§ **Given information**
---

text \<open>Each of them is
  pinned, so each must be a reflection with centre outside (1/2)Z (pairing every predicate
  with a toggle at one quarter orbit), which the locale four_reflections rules out.\<close>

theorem toggles_not_all_symmetric:
  fixes e :: "real \<Rightarrow> bool" and \<alpha> :: real
  assumes per: "\<And>x. e (x + 1) = e x" and pin: "pinned \<alpha> e"
    and \<alpha>: "\<not> ind (1/4) \<alpha>" "\<not> ind (3/4) \<alpha>"
    and sym_e: "has_sym e" and sym_1: "has_sym (\<lambda>x. e x \<noteq> ind (1/4) x)"
    and sym_3: "has_sym (\<lambda>x. e x \<noteq> ind (3/4) x)" and sym_q: "has_sym (\<lambda>x. e x \<noteq> quarter x)"
  shows False
proof -
  note off = markers_at_half_lattice \<alpha> ind_quarter_neg
  have pin_1: "pinned \<alpha> (\<lambda>x. e x \<noteq> ind (1/4) x)" and pin_3: "pinned \<alpha> (\<lambda>x. e x \<noteq> ind (3/4) x)"
    and pin_q: "pinned \<alpha> (\<lambda>x. e x \<noteq> quarter x)"
    by (rule pinned_toggle[OF pin]; use off quarter_iff in simp)+
  have per_1: "\<And>x. (e (x + 1) \<noteq> ind (1/4) (x + 1)) = (e x \<noteq> ind (1/4) x)"
    and per_3: "\<And>x. (e (x + 1) \<noteq> ind (3/4) (x + 1)) = (e x \<noteq> ind (3/4) x)"
    and per_q: "\<And>x. (e (x + 1) \<noteq> quarter (x + 1)) = (e x \<noteq> quarter x)"
    using per ind_periodic quarter_periodic by simp_all
  have w1: "2 * (1/4) - 1/2 \<in> (\<int> :: real set)" and w3: "2 * (3/4) - 1/2 \<in> (\<int> :: real set)"
    by simp_all
  have untoggle_1: "\<And>x. e x = ((e x \<noteq> ind (1/4) x) \<noteq> ind (1/4) x)"
    and untoggle_3: "\<And>x. e x = ((e x \<noteq> ind (3/4) x) \<noteq> ind (3/4) x)"
    and retoggle: "\<And>x. (e x \<noteq> ind (3/4) x) = ((e x \<noteq> quarter x) \<noteq> ind (1/4) x)"
    using quarter_xor(2) by auto
  obtain c0 where r0: "\<And>x. e (c0 - x) = e x" and g0: "c0 \<notin> \<int>" "c0 - 1/2 \<notin> \<int>"
    using reflection_centre[OF per pin sym_e w1 refl sym_1] by blast
  obtain c1 where r1: "\<And>x. (e (c1 - x) \<noteq> quarter (c1 - x)) = (e x \<noteq> quarter x)"
    and g1: "c1 \<notin> \<int>" "c1 - 1/2 \<notin> \<int>"
    using reflection_centre[where F = "\<lambda>x. e x \<noteq> quarter x", OF per_q pin_q sym_q w1 retoggle sym_3]
    by blast
  obtain c2 where r2: "\<And>x. (e (c2 - x) \<noteq> ind (1/4) (c2 - x)) = (e x \<noteq> ind (1/4) x)"
    and g2: "c2 \<notin> \<int>" "c2 - 1/2 \<notin> \<int>"
    using reflection_centre[where F = "\<lambda>x. e x \<noteq> ind (1/4) x", OF per_1 pin_1 sym_1 w1 untoggle_1 sym_e]
    by blast
  obtain c3 where r3: "\<And>x. (e (c3 - x) \<noteq> ind (3/4) (c3 - x)) = (e x \<noteq> ind (3/4) x)"
    and g3: "c3 \<notin> \<int>" "c3 - 1/2 \<notin> \<int>"
    using reflection_centre[where F = "\<lambda>x. e x \<noteq> ind (3/4) x", OF per_3 pin_3 sym_3 w3 untoggle_3 sym_e]
    by blast
  show False
    by (rule four_reflections.contradiction[OF four_reflections.intro[OF per r0 r1 r2 r3 g0 g1 g2 g3]])
qed

lemma Rep_cpt: "Rep_circle (cpt x) = frac x"
  unfolding cpt_def by (rule Abs_circle_inverse) (simp add: frac_lt_1)

lemma cpt_Rep: "cpt (Rep_circle p) = p"
proof -
  have "0 \<le> Rep_circle p" "Rep_circle p < 1" using Rep_circle[of p] by auto
  then show ?thesis unfolding cpt_def by (simp add: Rep_circle_inverse frac_eq)
qed

lemma cpt_eq: "cpt x = cpt y \<longleftrightarrow> x - y \<in> \<int>"
proof -
  have "cpt x = cpt y \<longleftrightarrow> Rep_circle (cpt x) = Rep_circle (cpt y)"
    by (simp add: Rep_circle_inject)
  also have "\<dots> \<longleftrightarrow> frac x = frac y" by (simp add: Rep_cpt)
  also have "\<dots> \<longleftrightarrow> x - y \<in> \<int>"
  proof
    assume "frac x = frac y"
    then obtain n where "x = y + of_int n" by (rule frac_eqE)
    then show "x - y \<in> \<int>" by simp
  next
    assume "x - y \<in> \<int>"
    then show "frac x = frac y" using frac_add_int_left[of "x - y" y] by simp
  qed
  finally show ?thesis .
qed

lemma cpt_eq_ind: "cpt x = cpt w \<longleftrightarrow> ind w x"
  unfolding ind_def by (rule cpt_eq)

lemma fun_eq_cpt: "(\<And>r. f (cpt r) = g (cpt r)) \<Longrightarrow> f = g"
  by (rule ext) (metis cpt_Rep)

lemma translation_cpt: "translation b (cpt x) = cpt (x + b)"
proof -
  have "frac x + b - (x + b) \<in> \<int>" unfolding frac_def by simp
  then show ?thesis unfolding translation_def Rep_cpt by (simp add: cpt_eq)
qed

lemma reflection_cpt: "reflection b (cpt x) = cpt (2 * b - x)"
proof -
  have "- frac x + 2 * b - (2 * b - x) \<in> \<int>" unfolding frac_def by simp
  then show ?thesis unfolding reflection_def Rep_cpt by (simp add: cpt_eq)
qed

lemma translation_Ints: "b \<in> \<int> \<Longrightarrow> translation b = id"
  by (rule fun_eq_cpt) (simp add: translation_cpt cpt_eq)

lemma O2_cases:
  assumes "\<gamma> \<in> O2"
  obtains b where "\<gamma> = translation b" | b where "\<gamma> = reflection b"
  using assms unfolding O2_def by blast

lemma translation_O2: "translation b \<in> O2" and reflection_O2: "reflection b \<in> O2"
  unfolding O2_def by auto

lemma O2_comp:
  assumes "\<gamma> \<in> O2" "\<beta> \<in> O2"
  shows "\<gamma> \<circ> \<beta> \<in> O2"
proof -
  have tt: "translation a \<circ> translation b = translation (a + b)"
    and tr: "translation a \<circ> reflection b = reflection (b + a / 2)"
    and rt: "reflection a \<circ> translation b = reflection (a - b / 2)"
    and rr: "reflection a \<circ> reflection b = translation (2 * a - 2 * b)" for a b
    by (rule fun_eq_cpt; simp add: translation_cpt reflection_cpt algebra_simps)+
  from assms(1) show ?thesis
  proof (cases rule: O2_cases)
    case (1 a)
    from assms(2) show ?thesis
      by (cases rule: O2_cases) (simp_all only: 1 tt tr translation_O2 reflection_O2)
  next
    case (2 a)
    from assms(2) show ?thesis
      by (cases rule: O2_cases) (simp_all only: 2 rt rr translation_O2 reflection_O2)
  qed
qed

lemma O2_inverse:
  assumes "\<gamma> \<in> O2"
  obtains \<gamma>' where "\<gamma>' \<in> O2" "\<gamma>' \<circ> \<gamma> = id" "\<gamma> \<circ> \<gamma>' = id"
  using assms
proof (cases rule: O2_cases)
  case (1 b)
  have "translation (- b) \<circ> \<gamma> = id" "\<gamma> \<circ> translation (- b) = id"
    unfolding 1 by (rule fun_eq_cpt; simp add: translation_cpt)+
  then show ?thesis using that translation_O2 by blast
next
  case (2 b)
  have "\<gamma> \<circ> \<gamma> = id" unfolding 2 by (rule fun_eq_cpt) (simp add: reflection_cpt)
  then show ?thesis using that assms by blast
qed

text \<open>P is invariant under congruence: conjugating by gamma transports stabilizers and
  distinguishing extensions between W and its image.\<close>

lemma P_image:
  assumes g: "\<gamma> \<in> O2" and P: "P (\<gamma> ` W)"
  shows "P W"
proof -
  obtain \<gamma>' where g': "\<gamma>' \<in> O2" and "\<gamma>' \<circ> \<gamma> = id" "\<gamma> \<circ> \<gamma>' = id"
    using O2_inverse[OF g] by blast
  then have inv1: "\<gamma>' (\<gamma> x) = x" and inv2: "\<gamma> (\<gamma>' x) = x" for x
    by (simp_all add: fun_eq_iff)
  have conj_O2: "\<gamma> \<circ> \<beta> \<circ> \<gamma>' \<in> O2" if "\<beta> \<in> O2" for \<beta> by (intro O2_comp g g' that)
  have conj_id: "\<beta> = id" if "\<gamma> \<circ> \<beta> \<circ> \<gamma>' = id" for \<beta>
  proof
    fix x
    have "\<gamma> (\<beta> (\<gamma>' (\<gamma> x))) = \<gamma> x" using fun_cong[OF that, of "\<gamma> x"] by simp
    then have "\<gamma>' (\<gamma> (\<beta> x)) = \<gamma>' (\<gamma> x)" using inv1 by simp
    then show "\<beta> x = id x" using inv1 by simp
  qed
  have "trivial_stabilizer W"
    unfolding trivial_stabilizer_def
  proof (intro ballI impI)
    fix \<beta> assume b: "\<beta> \<in> O2" and fixed: "\<forall>w\<in>W. \<beta> w = w"
    have "\<forall>v\<in>\<gamma> ` W. (\<gamma> \<circ> \<beta> \<circ> \<gamma>') v = v" using fixed inv1 by auto
    then have "\<gamma> \<circ> \<beta> \<circ> \<gamma>' = id"
      using P conj_O2[OF b] unfolding P_def trivial_stabilizer_def by blast
    then show "\<beta> = id" by (rule conj_id)
  qed
  moreover have "\<exists>d. (\<forall>x. x \<notin> W \<longrightarrow> d x = c x) \<and> distinguishing d" for c :: "circle \<Rightarrow> color"
  proof -
    obtain d' where d': "\<forall>x. x \<notin> \<gamma> ` W \<longrightarrow> d' x = (c \<circ> \<gamma>') x" "distinguishing d'"
      using P unfolding P_def by blast
    have "\<forall>x. x \<notin> W \<longrightarrow> (d' \<circ> \<gamma>) x = c x"
    proof (intro allI impI)
      fix x assume "x \<notin> W"
      then have "\<gamma> x \<notin> \<gamma> ` W" using inv1 by (metis imageE)
      then show "(d' \<circ> \<gamma>) x = c x" using d'(1) inv1 by simp
    qed
    moreover have "distinguishing (d' \<circ> \<gamma>)"
      unfolding distinguishing_def
    proof (intro ballI impI)
      fix \<beta> assume b: "\<beta> \<in> O2" and inv: "d' \<circ> \<gamma> \<circ> \<beta> = d' \<circ> \<gamma>"
      have "d' \<circ> (\<gamma> \<circ> \<beta> \<circ> \<gamma>') = d'"
      proof
        fix x
        have "d' (\<gamma> (\<beta> (\<gamma>' x))) = d' (\<gamma> (\<gamma>' x))" using fun_cong[OF inv, of "\<gamma>' x"] by simp
        then show "(d' \<circ> (\<gamma> \<circ> \<beta> \<circ> \<gamma>')) x = d' x" using inv2 by simp
      qed
      then have "\<gamma> \<circ> \<beta> \<circ> \<gamma>' = id" using d'(2) conj_O2[OF b] unfolding distinguishing_def by blast
      then show "\<beta> = id" by (rule conj_id)
    qed
    ultimately show ?thesis by blast
  qed
  ultimately show ?thesis unfolding P_def by blast
qed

---

Quote exactly the first line of the data and every line after it through the one holding "by (rule pinned_toggle[OF".

text \<open>Each of them is
  pinned, so each must be a reflection with centre outside (1/2)Z (pairing every predicate
  with a toggle at one quarter orbit), which the locale four_reflections rules out.\<close>

theorem toggles_not_all_symmetric:
  fixes e :: "real \<Rightarrow> bool" and \<alpha> :: real
  assumes per: "\<And>x. e (x + 1) = e x" and pin: "pinned \<alpha> e"
    and \<alpha>: "\<not> ind (1/4) \<alpha>" "\<not> ind (3/4) \<alpha>"
    and sym_e: "has_sym e" and sym_1: "has_sym (\<lambda>x. e x \<noteq> ind (1/4) x)"
    and sym_3: "has_sym (\<lambda>x. e x \<noteq> ind (3/4) x)" and sym_q: "has_sym (\<lambda>x. e x \<noteq> quarter x)"
  shows False
proof -
  note off = markers_at_half_lattice \<alpha> ind_quarter_neg
  have pin_1: "pinned \<alpha> (\<lambda>x. e x \<noteq> ind (1/4) x)" and pin_3: "pinned \<alpha> (\<lambda>x. e x \<noteq> ind (3/4) x)"
    and pin_q: "pinned \<alpha> (\<lambda>x. e x \<noteq> quarter x)"
    by (rule pinned_toggle[OF pin]; use off quarter_iff in simp)+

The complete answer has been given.